Internal Architecture
This section explains how datamitsu works under the hood. Understanding the internal execution model helps wrapper maintainers optimize tool configurations and advanced users debug unexpected behavior.
How It All Fits Together
When you run datamitsu check, the system moves through four stages:
- File Discovery walks the repository tree, respecting
.gitignorerules, and collects all files that match tool glob patterns. - Task Planning groups matched files into tasks based on tool priorities, scopes, and project boundaries. Overlapping globs are detected and resolved.
- Parallel Execution runs task groups sequentially by priority level, but tasks within each group run in parallel across available CPU cores.
- Cache Update records results per file so unchanged files are skipped on the next run.
Why This Matters
For wrapper maintainers: Understanding how priorities and overlap detection work lets you write tool configurations that maximize parallelism. Misconfigured priorities can serialize tools that could run in parallel, slowing down CI pipelines.

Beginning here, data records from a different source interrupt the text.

(* Let $h$ be a bilinear form on $V$, $\bar h=\mathcal T(h)$ the associated endomorphism of $V$ (so $\langle\bar h(v),w\rangle=h(v,w)$), and $\widehat h$ the unique exterior algebra endomorphism of $\Lambda V$ extending $\bar h$ with $\widehat h(1)=1$, i.e. $\widehat h(v_1\wedge\cdots\wedge v_p)=\bar h(v_1)\wedge\cdots\wedge\bar h(v_p)$. Then $$\mathcal T(e^h)=\mathcal T\Big(\sum_{p\geq0}\frac{h^p}{p!}\Big)=\widehat h,$$ where $h^0=1$ and $h^p=0$ for $p>n$. In particular $\mathcal T\big(\frac{g^p}{p!}\big)=\mathrm{Id}_{\Lambda^pV}$.
   Context: $(V,g)$ is a Euclidean real vector space of dimension $n$, identified with $V^*$ via $g$. Double forms are elements of $\bigoplus_{p,q}\Lambda^pV^*\otimes\Lambda^qV^*$, a $(p,q)$ double form being viewed as a bilinear form on $\Lambda^pV\times\Lambda^qV$; bilinear forms on $V$ are $(1,1)$ double forms, and $g$ itself is one. Exterior product: $(\theta_1\otimes\theta_2)(\theta_3\otimes\theta_4)=(\theta_1\wedge\theta_3)\otimes(\theta_2\wedge\theta_4)$, extended bilinearly; $h^p$ is the $p$-th power for it. $\Lambda V$ carries the inner product induced by $g$. The linear isomorphism $\mathcal T$ from double forms to $L(\Lambda V,\Lambda V)$ is $\mathcal T(\omega_1\otimes\omega_2)(\theta)=\langle\omega_1^\sharp,\theta\rangle\omega_2^\sharp$, where $\omega^\sharp$ is the exterior vector dual to the form $\omega$; equivalently $\langle\mathcal T(\omega)u_1,u_2\rangle=\omega(u_1,u_2)$. *)

theory Defs
  imports Complex_Main
begin

text \<open>V is Euclidean n-space with orthonormal basis e_0,...,e_(n-1)
  (indices in {..<n}); V is identified with its dual via the inner product, so the dual
  basis is the same basis. Lambda V has orthonormal basis e_I (I a subset of {..<n}),
  e_I = e_(i1) wedge ... wedge e_(ip) for i1 < ... < ip. An exterior vector is given by
  its coefficient function nat set => real (only subsets of {..<n} are relevant).
  A double form is an element of Lambda V* tensor Lambda V*, given by its coefficients
  w(I,J) on the basis e_I tensor e_J; as a bilinear form it maps (u1,u2) to
  sum_(I,J) w(I,J) u1(I) u2(J).\<close>

definition sgn2 :: "nat set \<Rightarrow> nat set \<Rightarrow> real" where
  "sgn2 I K = (-1) ^ card {(i,k). i \<in> I \<and> k \<in> K \<and> k < i}"

text \<open>Exterior product on Lambda V: e_I wedge e_K = sgn2 I K e_(I union K) if I, K disjoint, else 0.\<close>
definition ext_wedge :: "nat \<Rightarrow> (nat set \<Rightarrow> real) \<Rightarrow> (nat set \<Rightarrow> real) \<Rightarrow> (nat set \<Rightarrow> real)" where
  "ext_wedge n u w = (\<lambda>M. if M \<subseteq> {..<n}
      then (\<Sum>I\<in>Pow M. sgn2 I (M - I) * u I * w (M - I)) else 0)"

definition ext_one :: "nat set \<Rightarrow> real" where
  "ext_one = (\<lambda>I. if I = {} then 1 else 0)"

definition ext_wedge_list :: "nat \<Rightarrow> (nat set \<Rightarrow> real) list \<Rightarrow> (nat set \<Rightarrow> real)" where
  "ext_wedge_list n vs = foldr (ext_wedge n) vs ext_one"

definition ext_of_vec :: "nat \<Rightarrow> (nat \<Rightarrow> real) \<Rightarrow> (nat set \<Rightarrow> real)" where
  "ext_of_vec n v = (\<lambda>I. if (\<exists>i<n. I = {i}) then v (the_elem I) else 0)"

definition basis_vec :: "nat \<Rightarrow> (nat \<Rightarrow> real)" where
  "basis_vec i = (\<lambda>j. if j = i then 1 else 0)"

text \<open>Exterior product of double forms:
  (e_I tensor e_J)(e_K tensor e_L) = (e_I wedge e_K) tensor (e_J wedge e_L).\<close>
definition dform_mult :: "nat \<Rightarrow> (nat set \<Rightarrow> nat set \<Rightarrow> real) \<Rightarrow> (nat set \<Rightarrow> nat set \<Rightarrow> real)
    \<Rightarrow> (nat set \<Rightarrow> nat set \<Rightarrow> real)" where
  "dform_mult n \<omega> \<eta> = (\<lambda>M N. if M \<subseteq> {..<n} \<and> N \<subseteq> {..<n}
      then (\<Sum>I\<in>Pow M. \<Sum>J\<in>Pow N. sgn2 I (M - I) * sgn2 J (N - J) * \<omega> I J * \<eta> (M - I) (N - J))
      else 0)"

definition dform_one :: "nat set \<Rightarrow> nat set \<Rightarrow> real" where
  "dform_one = (\<lambda>I J. if I = {} \<and> J = {} then 1 else 0)"

primrec dform_pow :: "nat \<Rightarrow> (nat set \<Rightarrow> nat set \<Rightarrow> real) \<Rightarrow> nat \<Rightarrow> (nat set \<Rightarrow> nat set \<Rightarrow> real)" where
  "dform_pow n \<omega> 0 = dform_one"
| "dform_pow n \<omega> (Suc p) = dform_mult n (dform_pow n \<omega> p) \<omega>"

definition dform_of_bilin :: "nat \<Rightarrow> (nat \<Rightarrow> nat \<Rightarrow> real) \<Rightarrow> (nat set \<Rightarrow> nat set \<Rightarrow> real)" where
  "dform_of_bilin n h = (\<lambda>I J. if (\<exists>i<n. I = {i}) \<and> (\<exists>j<n. J = {j})
      then h (the_elem I) (the_elem J) else 0)"

text \<open>e^w = sum_(p>=0) w^p/p!; all terms with p > n vanish, so the sum is taken over p <= n.\<close>
definition dform_exp :: "nat \<Rightarrow> (nat set \<Rightarrow> nat set \<Rightarrow> real) \<Rightarrow> (nat set \<Rightarrow> nat set \<Rightarrow> real)" where
  "dform_exp n \<omega> = (\<lambda>I J. \<Sum>p\<le>n. dform_pow n \<omega> p I J / fact p)"

text \<open>The isomorphism T: <T(w) u1, u2> = w(u1,u2), i.e. T(e_I tensor e_J)(u) = u(I) e_J.\<close>
definition Tmap :: "nat \<Rightarrow> (nat set \<Rightarrow> nat set \<Rightarrow> real) \<Rightarrow> (nat set \<Rightarrow> real) \<Rightarrow> (nat set \<Rightarrow> real)" where
  "Tmap n \<omega> u = (\<lambda>J. if J \<subseteq> {..<n} then (\<Sum>I\<in>Pow {..<n}. \<omega> I J * u I) else 0)"

definition bilin_endo :: "nat \<Rightarrow> (nat \<Rightarrow> nat \<Rightarrow> real) \<Rightarrow> (nat \<Rightarrow> real) \<Rightarrow> (nat \<Rightarrow> real)" where
  "bilin_endo n h v = (\<lambda>j. if j < n then (\<Sum>i<n. h i j * v i) else 0)"

definition ext_hat :: "nat \<Rightarrow> (nat \<Rightarrow> nat \<Rightarrow> real) \<Rightarrow> (nat set \<Rightarrow> real) \<Rightarrow> (nat set \<Rightarrow> real)" where
  "ext_hat n h u = (\<lambda>J. \<Sum>I\<in>Pow {..<n}. u I *
      ext_wedge_list n (map (\<lambda>i. ext_of_vec n (bilin_endo n h (basis_vec i)))
                            (sorted_list_of_set I)) J)"

definition metric_g :: "nat \<Rightarrow> nat \<Rightarrow> real" where
  "metric_g = (\<lambda>i j. if i = j then 1 else 0)"

end

theory Submission imports Defs begin

text \<open>The coefficient of \<open>\<widehat>h(e_M)\<close> at \<open>e_N\<close> is the minor of the matrix of \<open>h\<close> with
  rows \<open>M\<close> and columns \<open>N\<close>. Expanding \<open>h\<^sup>p\<^sup>+\<^sup>1 = h\<^sup>p h\<close> coefficientwise gives a double sum over
  a row \<open>m \<in> M\<close> and a column \<open>k \<in> N\<close> of \<open>h\<^sup>p(M - {m}, N - {k}) h(m,k)\<close>. By induction the first
  factor is \<open>p!\<close> times the complementary minor, and for fixed \<open>m\<close> the sum over \<open>k\<close> is the
  Laplace expansion of the \<open>(M,N)\<close> minor along row \<open>m\<close>, which comes from the anticommutativity
  of wedge products of vectors. So each of the \<open>|M|\<close> rows contributes the same amount and
  \<open>h\<^sup>p(M,N) = p! \<widehat>h(e_M)(N)\<close> when \<open>|M| = p\<close>, while \<open>h\<^sup>p(M,N) = 0\<close> otherwise. For \<open>h = g\<close> the
  minors are Kronecker deltas.\<close>

lemma sgn2_Un_right:
  assumes "finite I" "finite K" "finite L" "K \<inter> L = {}"
  shows "sgn2 I (K \<union> L) = sgn2 I K * sgn2 I L"
proof -
  have split: "{(i,k). i \<in> I \<and> k \<in> K \<union> L \<and> k < i} =
    {(i,k). i \<in> I \<and> k \<in> K \<and> k < i} \<union> {(i,k). i \<in> I \<and> k \<in> L \<and> k < i}" by auto
  have "finite {(i,k). i \<in> I \<and> k \<in> K \<and> k < i}"
    by (rule finite_subset[of _ "I \<times> K"]) (use assms in auto)
  moreover have "finite {(i,k). i \<in> I \<and> k \<in> L \<and> k < i}"
    by (rule finite_subset[of _ "I \<times> L"]) (use assms in auto)
  ultimately show ?thesis
    unfolding sgn2_def split using assms(4) by (subst card_Un_disjoint) (auto simp: power_add)
qed

lemma sgn2_Un_left:
  assumes "finite I" "finite J" "finite K" "I \<inter> J = {}"
  shows "sgn2 (I \<union> J) K = sgn2 I K * sgn2 J K"
proof -
  have split: "{(i,k). i \<in> I \<union> J \<and> k \<in> K \<and> k < i} =
    {(i,k). i \<in> I \<and> k \<in> K \<and> k < i} \<union> {(i,k). i \<in> J \<and> k \<in> K \<and> k < i}" by auto
  have "finite {(i,k). i \<in> I \<and> k \<in> K \<and> k < i}"
    by (rule finite_subset[of _ "I \<times> K"]) (use assms in auto)
  moreover have "finite {(i,k). i \<in> J \<and> k \<in> K \<and> k < i}"
    by (rule finite_subset[of _ "J \<times> K"]) (use assms in auto)
  ultimately show ?thesis
    unfolding sgn2_def split using assms(4) by (subst card_Un_disjoint) (auto simp: power_add)
qed
(* Let $X_0:=0$, let $X_1,X_2,\dots$ be independent uniform random variables on $(0,1]$, and for $m\ge1$ let $Z_m:=X_m-\max\{X_j:0\le j<m,\ X_j<X_m\}$. Then for $1\le m<\ell$, $\mathrm{Cov}[Z_m,Z_\ell]=0$. *)

theory Defs
  imports "HOL-Probability.Probability"
begin

definition covariance :: "'a measure \<Rightarrow> ('a \<Rightarrow> real) \<Rightarrow> ('a \<Rightarrow> real) \<Rightarrow> real" where
  "covariance M U V =
     (\<integral>\<omega>. (U \<omega> - (\<integral>x. U x \<partial>M)) * (V \<omega> - (\<integral>x. V x \<partial>M)) \<partial>M)"

definition gapZ :: "(nat \<Rightarrow> 'a \<Rightarrow> real) \<Rightarrow> nat \<Rightarrow> 'a \<Rightarrow> real" where
  "gapZ X m \<omega> = X m \<omega> - Max {X j \<omega> | j. j < m \<and> X j \<omega> < X m \<omega>}"

end

theory Submission
  imports Defs
begin

text \<open>
  Since \<open>Z\<^sub>m\<close> and \<open>Z\<^sub>l\<close> are nonnegative, \<open>E[Z\<^sub>m Z\<^sub>l]\<close> is the integral of
  \<open>P(Z\<^sub>m > s, Z\<^sub>l > t)\<close> over \<open>s, t \<ge> 0\<close>. Given \<open>X\<^sub>m = x\<close> and \<open>X\<^sub>l = y\<close>, this event says that
  \<open>x > s\<close>, \<open>y > t\<close>, \<open>x\<close> avoids the window \<open>[y - t, y)\<close>, each of the \<open>m - 1\<close> points
  \<open>X\<^sub>j\<close> with \<open>j < m\<close> avoids both windows \<open>[x - s, x)\<close> and \<open>[y - t, y)\<close>, and each of
  the \<open>l - m - 1\<close> points strictly between avoids \<open>[y - t, y)\<close>. By independence its probability is
  \<open>\<integral>\<integral> (1 - \<lambda>)\<^bsup>m-1\<^esup> (1 - t)\<^bsup>l-m-1\<^esup> dx dy\<close>, where \<open>\<lambda>\<close> is the length of the union of the two
  windows. Integrating in the order \<open>s, x, y, t\<close> gives \<open>1/((m+1)(l+1))\<close>, while the case
  \<open>t = 0\<close> gives \<open>E[Z\<^sub>m] = 1/(m+1)\<close> for every \<open>m \<ge> 1\<close>.
\<close>

section \<open>Layer-cake formulas and covariance\<close>

lemma (in prob_space) covariance_eq:
  assumes "integrable M U" "integrable M V" "integrable M (\<lambda>\<omega>. U \<omega> * V \<omega>)"
  shows "covariance M U V = expectation (\<lambda>\<omega>. U \<omega> * V \<omega>) - expectation U * expectation V"
proof -
  have "covariance M U V = expectation (\<lambda>\<omega>. U \<omega> * V \<omega> - expectation U * V \<omega> - expectation V * U \<omega>
      + expectation U * expectation V)"
    unfolding covariance_def by (intro Bochner_Integration.integral_cong) (auto simp: algebra_simps)
  also have "\<dots> = expectation (\<lambda>\<omega>. U \<omega> * V \<omega>) - expectation U * expectation V"
    using assms by (simp add: prob_space)
  finally show ?thesis .
qed

lemma ennreal_eq_nn_integral_indicator: "ennreal a = (\<integral>\<^sup>+ s. indicator {0..<a} s \<partial>lborel)"
  by (cases "0 \<le> a") (simp_all add: ennreal_neg)

lemma (in sigma_finite_measure) nn_integral_eq_tail_integral:
  assumes [measurable]: "U \<in> borel_measurable M"
  shows "(\<integral>\<^sup>+ \<omega>. ennreal (U \<omega>) \<partial>M)
    = (\<integral>\<^sup>+ s. indicator {0..} s * emeasure M {\<omega> \<in> space M. s < U \<omega>} \<partial>lborel)"
proof -
  interpret pair_sigma_finite M lborel ..
  have "(\<integral>\<^sup>+ \<omega>. ennreal (U \<omega>) \<partial>M)
      = (\<integral>\<^sup>+ \<omega>. \<integral>\<^sup>+ s. indicator {0..} s * indicator {\<omega> \<in> space M. s < U \<omega>} \<omega> \<partial>lborel \<partial>M)"
    unfolding ennreal_eq_nn_integral_indicator[of "U _"]
    by (intro nn_integral_cong) (auto simp: indicator_def)
  also have "\<dots> = (\<integral>\<^sup>+ s. \<integral>\<^sup>+ \<omega>. indicator {0..} s * indicator {\<omega> \<in> space M. s < U \<omega>} \<omega> \<partial>M \<partial>lborel)"
    by (rule Fubini'[symmetric]) measurable
  also have "\<dots> = (\<integral>\<^sup>+ s. indicator {0..} s * emeasure M {\<omega> \<in> space M. s < U \<omega>} \<partial>lborel)"
    by (intro nn_integral_cong)
      (simp add: nn_integral_cmult nn_integral_indicator)
  finally show ?thesis .
qed

lemma (in sigma_finite_measure) nn_integral_mult_eq_joint_tail_integral:
  assumes [measurable]: "U \<in> borel_measurable M" "V \<in> borel_measurable M"
  shows "(\<integral>\<^sup>+ \<omega>. ennreal (U \<omega>) * ennreal (V \<omega>) \<partial>M)
    = (\<integral>\<^sup>+ s. \<integral>\<^sup>+ t. indicator {0..} s * indicator {0..} t *
         emeasure M {\<omega> \<in> space M. s < U \<omega> \<and> t < V \<omega>} \<partial>lborel \<partial>lborel)"
proof -
  interpret pair_sigma_finite M lborel ..
  define F where "F \<omega> s t = indicator {0..} s * indicator {0..} t *
      (indicator {\<omega> \<in> space M. s < U \<omega> \<and> t < V \<omega>} \<omega> :: ennreal)" for \<omega> s t
  have [measurable]:
    "(\<lambda>p. F (fst (fst p)) (snd (fst p)) (snd p)) \<in> borel_measurable ((M \<Otimes>\<^sub>M lborel) \<Otimes>\<^sub>M lborel)"
    unfolding F_def by measurable
  have "(\<integral>\<^sup>+ \<omega>. ennreal (U \<omega>) * ennreal (V \<omega>) \<partial>M) = (\<integral>\<^sup>+ \<omega>. \<integral>\<^sup>+ s. \<integral>\<^sup>+ t. F \<omega> s t \<partial>lborel \<partial>lborel \<partial>M)"
  proof (intro nn_integral_cong)
    fix \<omega> assume "\<omega> \<in> space M"
    have "ennreal (U \<omega>) * ennreal (V \<omega>)
        = (\<integral>\<^sup>+ s. indicator {0..<U \<omega>} s * (\<integral>\<^sup>+ t. indicator {0..<V \<omega>} t \<partial>lborel) \<partial>lborel)"
      by (simp add: nn_integral_multc ennreal_eq_nn_integral_indicator[symmetric])
    also have "\<dots> = (\<integral>\<^sup>+ s. \<integral>\<^sup>+ t. F \<omega> s t \<partial>lborel \<partial>lborel)"
      using \<open>\<omega> \<in> space M\<close>
      by (intro nn_integral_cong) (simp add: F_def nn_integral_cmult[symmetric] indicator_def of_bool_conj)
    finally show "ennreal (U \<omega>) * ennreal (V \<omega>) = (\<integral>\<^sup>+ s. \<integral>\<^sup>+ t. F \<omega> s t \<partial>lborel \<partial>lborel)" .
  qed
  also have "\<dots> = (\<integral>\<^sup>+ s. \<integral>\<^sup>+ \<omega>. \<integral>\<^sup>+ t. F \<omega> s t \<partial>lborel \<partial>M \<partial>lborel)"
    by (rule Fubini'[symmetric]) measurable
  also have "\<dots> = (\<integral>\<^sup>+ s. \<integral>\<^sup>+ t. \<integral>\<^sup>+ \<omega>. F \<omega> s t \<partial>M \<partial>lborel \<partial>lborel)"
    by (intro nn_integral_cong Fubini'[symmetric]) (unfold F_def, measurable)
  also have "\<dots> = (\<integral>\<^sup>+ s. \<integral>\<^sup>+ t. indicator {0..} s * indicator {0..} t *
         emeasure M {\<omega> \<in> space M. s < U \<omega> \<and> t < V \<omega>} \<partial>lborel \<partial>lborel)"
    by (intro nn_integral_cong)
      (simp add: F_def nn_integral_cmult nn_integral_indicator)
  finally show ?thesis .
qed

For advanced users: Knowing how file discovery and caching interact explains why certain files are or aren't processed, and how to force cache invalidation when needed.
Components
Each stage has its own detailed documentation:
| Component | What It Does | Key Concepts |
|---|---|---|
| Task Planning | Groups files into prioritized task batches | Priority chunking, overlap detection, CWD-subtree restriction |
| Parallel Execution | Runs tasks with fail-fast semantics | Two-layer model, context cancellation, progress tracking |
| File Discovery | Walks the repo respecting ignore rules | .gitignore-aware traversal, project auto-detection |
| Caching Strategy | Tracks per-file results for incremental runs | XXH3-128 invalidation keys, separate lint/fix tracking |
Reading Order
If you're new to datamitsu's internals, read in this order:
- File Discovery -- how files enter the system
- Task Planning -- how files become tasks
- Parallel Execution -- how tasks run
- Caching Strategy -- how results persist between runs
If you're debugging a specific issue, jump directly to the relevant component page.